LinkedIn’s (LNKD) professional publishing platform is gaining steam and is on a roller coaster ride. The success is evident from its fantastic results in the second quarter of fiscal 2014. The company delivered a sequential improvement in the financials. It is ramping up its sales and has many new products in the pipeline. In addition, LinkedIn is expecting to benefit from the growing professional networking service segment. Let us have a closer look at LinkedIn’s underlying business.
An impressive performance
In the recently reported quarter, LinkedIn’s revenue clocked at $364 million, reporting a healthy 47% increase as compared to the same quarter a year ago. However, LinkedIn also reported a loss attributable to the common shareholders of $1 million. It lagged behind as compared to the profit of $3.7 million reported in the second quarter of fiscal 2013.
LinkedIn is growing as its recent results reveal. LinkedIn is pleased with the growth of the professional networking segment. The recent results by tech companies such as Twitter and Facebook were also an encouragement for LinkedIn. LinkedIn is continuing to invest in its member and customer offerings to enhance the overall offering of the platform, which will lead more customers to get linked with it.
LinkedIn is also focusing on some strategic priorities. Under this, the company is increasing the scale of job opportunities. Moving ahead, LinkedIn is focusing on various aspects to improve its profitability. It is trying to make a bigger impression on the market by stretching its footprint. The company is geared up to push its sales.
The company finds corporate recruiters unreliable. So, LinkedIn has introduced a new version of Sales Navigator software. This new addition is expected to add 313 million users to LinkedIn’s database to offer sales people suggestions on potential customers, and then help them to find mutual acquaintances to get introductions. Also, the recent addition of Bizo by LinkedIn is expected to build a scalable and diverse business platform that will help customers add value to their profile over the entire LinkedIn network.

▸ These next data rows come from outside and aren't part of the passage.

lemma maximal_cones_slope_fan:
  assumes "m < M"
  shows "{C \<in> slope_fan m M. \<forall>D \<in> slope_fan m M. C \<subseteq> D \<longrightarrow> D = C}
    = {slope_cone lo (lo + 1) | lo. m \<le> lo \<and> lo + 1 \<le> M}"
proof -
  have not_sub_origin: "\<not> slope_cone lo hi \<subseteq> {(0, 0)}" if "lo \<le> hi" for lo hi
  proof
    assume "slope_cone lo hi \<subseteq> {(0, 0)}"
    moreover have "(1, of_int lo) \<in> slope_cone lo hi" using that by simp
    ultimately have "(1, of_int lo) \<in> {(0 :: rat, 0 :: rat)}" by blast
    then show False by simp
  qed
  have unit_in: "slope_cone lo hi \<in> slope_fan m M"
    if "m \<le> lo" "lo \<le> hi" "hi \<le> lo + 1" "hi \<le> M" for lo hi
    using that unfolding slope_fan_def by blast
  show ?thesis
  proof (intro antisym subsetI)
    fix C assume "C \<in> {C \<in> slope_fan m M. \<forall>D \<in> slope_fan m M. C \<subseteq> D \<longrightarrow> D = C}"
    then have C: "C \<in> slope_fan m M" and max: "\<And>D. D \<in> slope_fan m M \<Longrightarrow> C \<subseteq> D \<Longrightarrow> D = C"
      by auto
    have "C \<noteq> {(0, 0)}"
      using max[OF unit_in[of m "m + 1"]] assms not_sub_origin[of m "m + 1"] by auto
    then obtain lo hi where "m \<le> lo" "lo \<le> hi" "hi \<le> lo + 1" "hi \<le> M" and Cs: "C = slope_cone lo hi"
      using C by (auto simp: slope_fan_def)
    moreover have "hi \<noteq> lo"
    proof
      assume "hi = lo"
      define lo' where "lo' = (if lo + 1 \<le> M then lo else lo - 1)"
      have "m \<le> lo'" "lo' + 1 \<le> M" "lo' \<le> lo" "lo \<le> lo' + 1"
        using \<open>m \<le> lo\<close> \<open>hi \<le> M\<close> \<open>hi = lo\<close> assms by (auto simp: lo'_def)
      then have "slope_cone lo' (lo' + 1) = C"
        using max[OF unit_in[of lo' "lo' + 1"]] \<open>hi = lo\<close> Cs by (simp add: slope_cone_mono)
      then show False
        using slope_cone_subset_iff[of lo' "lo' + 1" lo lo] Cs \<open>hi = lo\<close> by auto
    qed
    ultimately have "hi = lo + 1" by simp
    then show "C \<in> {slope_cone lo (lo + 1) | lo. m \<le> lo \<and> lo + 1 \<le> M}"
      using \<open>m \<le> lo\<close> \<open>hi \<le> M\<close> Cs by blast
  next
    fix C assume "C \<in> {slope_cone lo (lo + 1) | lo. m \<le> lo \<and> lo + 1 \<le> M}"
    then obtain lo where lo: "m \<le> lo" "lo + 1 \<le> M" and Cs: "C = slope_cone lo (lo + 1)" by blast
    have "D = C" if "D \<in> slope_fan m M" "C \<subseteq> D" for D
    proof -
      have "D \<noteq> {(0, 0)}" using that(2) not_sub_origin[of lo "lo + 1"] Cs by auto
      with that(1) obtain lo' hi' where "lo' \<le> hi'" "hi' \<le> lo' + 1" and Ds: "D = slope_cone lo' hi'"
        unfolding slope_fan_def by blast
      then have "lo' = lo" "hi' = lo + 1"
        using that(2) slope_cone_subset_iff[of lo "lo + 1" lo' hi'] Cs by auto
      then show ?thesis using Cs Ds by simp
    qed
    then show "C \<in> {C \<in> slope_fan m M. \<forall>D \<in> slope_fan m M. C \<subseteq> D \<longrightarrow> D = C}"
      using unit_in[OF lo(1) _ _ lo(2)] Cs by auto
  qed
qed

lemma pl_wt_fst [simp]: "fst (pl_wt c p) = 1"
  by (simp add: pl_wt_def)

lemma pl_wt_snd: "snd (pl_wt c p) \<in> {-1, 0, 1}"
  by (simp add: pl_wt_def)

lemma orbit_cone_pl_wt:
  assumes "y \<in> Y"
  shows "orbit_cone (pl_wt c) Y y \<in> slope_cones (-1) 1"
proof (cases "\<forall>p. y p = 0")
  case True
  then have "\<And>p. y p = 0" by blast
  then show ?thesis using orbit_cone_of_zero[OF assms] by (simp add: slope_cones_def)
next
  case False
  let ?S = "{snd (pl_wt c p) | p. y p \<noteq> 0}"
  have "?S \<subseteq> {-1, 0, 1}" using pl_wt_snd by blast
  then have fin: "finite ?S" by (rule finite_subset) simp
  have ne: "?S \<noteq> {}" using False by blast
  have "Min ?S \<in> {-1, 0, 1}" "Max ?S \<in> {-1, 0, 1}"
    using Min_in[OF fin ne] Max_in[OF fin ne] \<open>?S \<subseteq> {-1, 0, 1}\<close> by blast+
  then have "- 1 \<le> Min ?S" "Max ?S \<le> 1" by auto
  moreover have "orbit_cone (pl_wt c) Y y = slope_cone (Min ?S) (Max ?S)"
    using False fin by (intro orbit_cone_eq_slope_cone[OF assms]) auto
  ultimately show ?thesis unfolding slope_cones_def by blast
qed

lemma indicator_in_Xbar:
  assumes "P \<subseteq> pl_idx c d"
    and meet: "\<And>p q. p \<in> P \<Longrightarrow> q \<in> P \<Longrightarrow> {fst p, snd p} \<inter> {fst q, snd q} \<noteq> {}"
  shows "indicator P \<in> Xbar c d"
proof -
  have vanish: "indicator P a * indicator P b = (0::complex)"
    if "{fst a, snd a} \<inter> {fst b, snd b} = {}" for a b
    using meet[of a b] that by (auto simp: indicator_def)
  have plucker: "indicator P (i, j) * indicator P (k, l) - indicator P (i, k) * indicator P (j, l)
      + indicator P (i, l) * indicator P (j, k) = (0::complex)"
    if "i < j" "j < k" "k < l" for i j k l
    using vanish[of "(i, j)" "(k, l)"] vanish[of "(i, k)" "(j, l)"] vanish[of "(i, l)" "(j, k)"] that
    by auto
  have "indicator P \<in> Zbar c d"
    using assms(1) by (auto simp: Zbar_def indicator_def)
  with plucker show ?thesis by (auto simp: Xbar_def)
qed

definition slope_coordinate :: "nat \<Rightarrow> int \<Rightarrow> nat \<times> nat" where
  "slope_coordinate c s = (if s = 1 then (1, 2) else if s = 0 then (1, c + 1) else (c + 1, c + 2))"

lemma slope_coordinate:
  assumes "2 \<le> c" "2 \<le> d" "s \<in> {-1, 0, 1}"
  shows "slope_coordinate c s \<in> pl_idx c d" "snd (pl_wt c (slope_coordinate c s)) = s"
  using assms by (auto simp: slope_coordinate_def pl_idx_def pl_wt_def)

lemma slope_fan_subset_orbit_cones:
  assumes "2 \<le> c" "2 \<le> d" and XY: "Xbar c d \<subseteq> Y"
  shows "slope_fan (-1) 1 \<subseteq> orbit_cone (pl_wt c) Y ` Y"
proof
  fix K assume "K \<in> slope_fan (-1) 1"
  then consider "K = {(0, 0)}"
    | lo hi where "-1 \<le> lo" "lo \<le> hi" "hi \<le> lo + 1" "hi \<le> 1" "K = slope_cone lo hi"
    by (auto simp: slope_fan_def)
  then show "K \<in> orbit_cone (pl_wt c) Y ` Y"
  proof cases
    case 1
    have "(\<lambda>_. 0) \<in> Xbar c d" by (simp add: Xbar_def Zbar_def)
    then have "(\<lambda>_. 0) \<in> Y" using XY by blast
    then show ?thesis using 1 orbit_cone_of_zero[of "\<lambda>_. 0" Y "pl_wt c"] by force
  next
    case 2
    let ?P = "slope_coordinate c ` {lo, hi}"
    have slopes: "lo \<in> {-1, 0, 1}" "hi \<in> {-1, 0, 1}" using 2 by auto
    have "indicator ?P \<in> Xbar c d"
    proof (rule indicator_in_Xbar)
      show "?P \<subseteq> pl_idx c d" using slope_coordinate(1)[OF assms(1,2)] slopes by auto
      show "{fst p, snd p} \<inter> {fst q, snd q} \<noteq> {}" if "p \<in> ?P" "q \<in> ?P" for p q
        using that 2 by (auto simp: slope_coordinate_def)
    qed
    then have Y: "indicator ?P \<in> Y" using XY by blast
    have support: "indicator ?P p \<noteq> (0 :: complex) \<longleftrightarrow> p \<in> ?P" for p
      by (simp add: indicator_def)
    have "{snd (pl_wt c p) | p. p \<in> ?P} = (\<lambda>s. snd (pl_wt c (slope_coordinate c s))) ` {lo, hi}"
      by blast
    also have "\<dots> = {lo, hi}"
      using slope_coordinate(2)[OF assms(1,2)] slopes by simp
    finally have "{snd (pl_wt c p) | p. indicator ?P p \<noteq> (0 :: complex)} = {lo, hi}"
      by (simp only: support)
    moreover have "\<exists>p. indicator ?P p \<noteq> (0 :: complex)" using support by blast
    ultimately have "orbit_cone (pl_wt c) Y (indicator ?P) = slope_cone (Min {lo, hi}) (Max {lo, hi})"
      using orbit_cone_eq_slope_cone[OF Y, of "pl_wt c"] by simp
    then have "orbit_cone (pl_wt c) Y (indicator ?P) = slope_cone lo hi"
      using \<open>lo \<le> hi\<close> by simp
    then show ?thesis using 2 Y by blast
  qed
qed

lemma git_fan_pl_wt:
  assumes "2 \<le> c" "2 \<le> d" "Xbar c d \<subseteq> Y"
  shows "git_fan (pl_wt c) Y = slope_fan (-1) 1"
  unfolding git_fan_eq_chambers
  using slope_fan_subset_orbit_cones[OF assms] orbit_cone_pl_wt
  by (intro chambers_of_slope_family) auto

theorem proposition2p1:
  fixes c d :: nat
  assumes "c \<ge> 2" and "d \<ge> 2"
  shows "git_fan (pl_wt c) (Zbar c d) = git_fan (pl_wt c) (Xbar c d) \<and>
         {C \<in> git_fan (pl_wt c) (Xbar c d).
            \<forall>D \<in> git_fan (pl_wt c) (Xbar c d). C \<subseteq> D \<longrightarrow> D = C}
         = {qcone {(1, 1), (1, 0)}, qcone {(1, 0), (1, -1)}}"
proof -
  have "Xbar c d \<subseteq> Zbar c d" by (auto simp: Xbar_def)
  then have fans: "git_fan (pl_wt c) (Zbar c d) = slope_fan (-1) 1"
    "git_fan (pl_wt c) (Xbar c d) = slope_fan (-1) 1"
    using git_fan_pl_wt[OF assms] by auto
  have "{lo :: int. -1 \<le> lo \<and> lo + 1 \<le> 1} = {-1, 0}" by auto
  then have "{slope_cone lo (lo + 1) | lo. -1 \<le> lo \<and> lo + 1 \<le> 1} = {slope_cone (-1) 0, slope_cone 0 1}"
    unfolding setcompr_eq_image by simp
  moreover have "qcone {(1, 1), (1, 0)} = slope_cone 0 1"
    using qcone_pair_eq_slope_cone[of 0 1] by (simp add: insert_commute)
  moreover have "qcone {(1, 0), (1, -1)} = slope_cone (-1) 0"
    using qcone_pair_eq_slope_cone[of "-1" 0] by (simp add: insert_commute)
  ultimately show ?thesis
    using fans maximal_cones_slope_fan[of "-1" 1] by (simp add: insert_commute)
qed

end
(* Let $p$ be a prime, $n\ge 1$, and let $A_r$ and $A_s$ be symmetric $n\times n$ matrices with entries in $\mathbb{Z}_p$. If $\det(A_r-A_s)\neq 0 \pmod p$, then the graph-state bases $\mathcal{B}_{A_r}$ and $\mathcal{B}_{A_s}$ of $(\mathbb{C}^p)^{\otimes n}$ are mutually unbiased, i.e. $|\langle G_{A_r}(m_1,\dots,m_n)|G_{A_s}(m'_1,\dots,m'_n)\rangle|^2 = 1/p^n$ for all $m_i,m'_i\in\mathbb{Z}_p$.
   Context: Let $\omega_p=e^{2\pi i/p}$. On $\mathbb{C}^p$ with computational basis $\{|0\rangle,\dots,|p-1\rangle\}$ let $|+\rangle=p^{-1/2}\sum_{k=0}^{p-1}|k\rangle$ and $Z=\sum_k \omega_p^k|k\rangle\langle k|$. On $(\mathbb{C}^p)^{\otimes n}$ define the one-qupit phase gates $U_{i,i}=\sum_{k=0}^{1} i^k|k\rangle\langle k|_i$ if $p=2$ (here $i=\sqrt{-1}$ in the phase) and $U_{i,i}=\sum_{k=0}^{p-1}\omega_p^{k(k-1)/2}|k\rangle\langle k|_i$ if $p\ge 3$, and for $i\neq j$ the controlled-phase gates $U_{i,j}=\sum_{k,l=0}^{p-1}\omega_p^{kl}|k\rangle\langle k|_i\otimes|l\rangle\langle l|_j$ (subscripts indicate the tensor factor acted upon). For a symmetric $n\times n$ matrix $A$ over $\mathbb{Z}_p$ (entries viewed as integers in $\{0,\dots,p-1\}$), the generalized graph state is $|G_A\rangle=\prod_{i\le j}U_{i,j}^{A_{i,j}}|+\rangle^{\otimes n}$, and the graph-state basis is $\mathcal{B}_A=\{|G_A(m_1,\dots,m_n)\rangle\}_{m_i\in\mathbb{Z}_p}$ with $|G_A(m_1,\dots,m_n)\rangle=Z^{m_1}\otimes\cdots\otimes Z^{m_n}|G_A\rangle$. Two orthonormal bases of $\mathbb{C}^d$ are mutually unbiased if every element of one has squared overlap $1/d$ with every element of the other. *)

theory Defs
  imports Complex_Main "HOL-Library.FuncSet" "Jordan_Normal_Form.Determinant"
begin

text \<open>Computational basis of (C^p)^(tensor n): strings k with k i in {0..p-1} for i < n,
  encoded as extensional functions. A state is a function from such strings to complex amplitudes.\<close>

definition omega :: "nat \<Rightarrow> complex" where
  "omega p = cis (2 * pi / real p)"

definition basis_set :: "nat \<Rightarrow> nat \<Rightarrow> (nat \<Rightarrow> nat) set" where
  "basis_set n p = PiE {..<n} (\<lambda>_. {..<p})"

definition plus_state :: "nat \<Rightarrow> nat \<Rightarrow> (nat \<Rightarrow> nat) \<Rightarrow> complex" where
  "plus_state n p k = (if k \<in> basis_set n p then 1 / complex_of_real (sqrt (real p)) ^ n else 0)"

definition apply_diag :: "((nat \<Rightarrow> nat) \<Rightarrow> complex) \<Rightarrow> ((nat \<Rightarrow> nat) \<Rightarrow> complex) \<Rightarrow> (nat \<Rightarrow> nat) \<Rightarrow> complex" where
  "apply_diag d \<psi> = (\<lambda>k. d k * \<psi> k)"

LinkedIn is seeing strength through its mobile segment. This segment continues to drive a growing share of engagement. With this segment, the company enables professionals to build and manage their identities to be more successful in their careers across multiple screens and devices. The company is putting solid effort here as this segment contributes about 45% of the total LinkedIn traffic.
LinkedIn has also made some innovations to its overall appearance. It has revamped the design of profiles on its desktop site to make them more visually distinctive and personalized. The company also added a new facility to redesign the LinkedIn profile. It has helped members to define their identities more quickly and effectively. Further, the addition of Galene, which is new search architecture, has helped LinkedIn to see more user engagement. The company is expecting total page views to accelerate in the future.
It has also added Connected on iOS, which is a new mobile app, to its portfolio. This app is a smart move by the company to enhance its business. This is supported by the fact that active users of the app are using it on an average of more than four days per week. The catchy thing in this app is that it enables members to strengthen their professional relationship by delivering timely updates and opportunities to engage with the people in their network.
Another exciting effort by LinkedIn that will strengthen its long-term prospects is the acquisition of Newsle. Since it finds blogs and articles that mention people who may be professionally relevant and notifies within seconds after publication, it will be an attractive offer to the users, and this will lead to more user engagement as well. The company is aware of the growing level of mobile job interactions.
Looking at the financials, LinkedIn expects strong earnings growth in the future. Seeing the momentum at which the company is growing, it can be a good buy for the long run. Its earnings are expected to touch new highs as the company's earnings are expected to grow at a solid CAGR of 103.48%. There is a good chance that LinkedIn can turn out to be a good buy for the long run.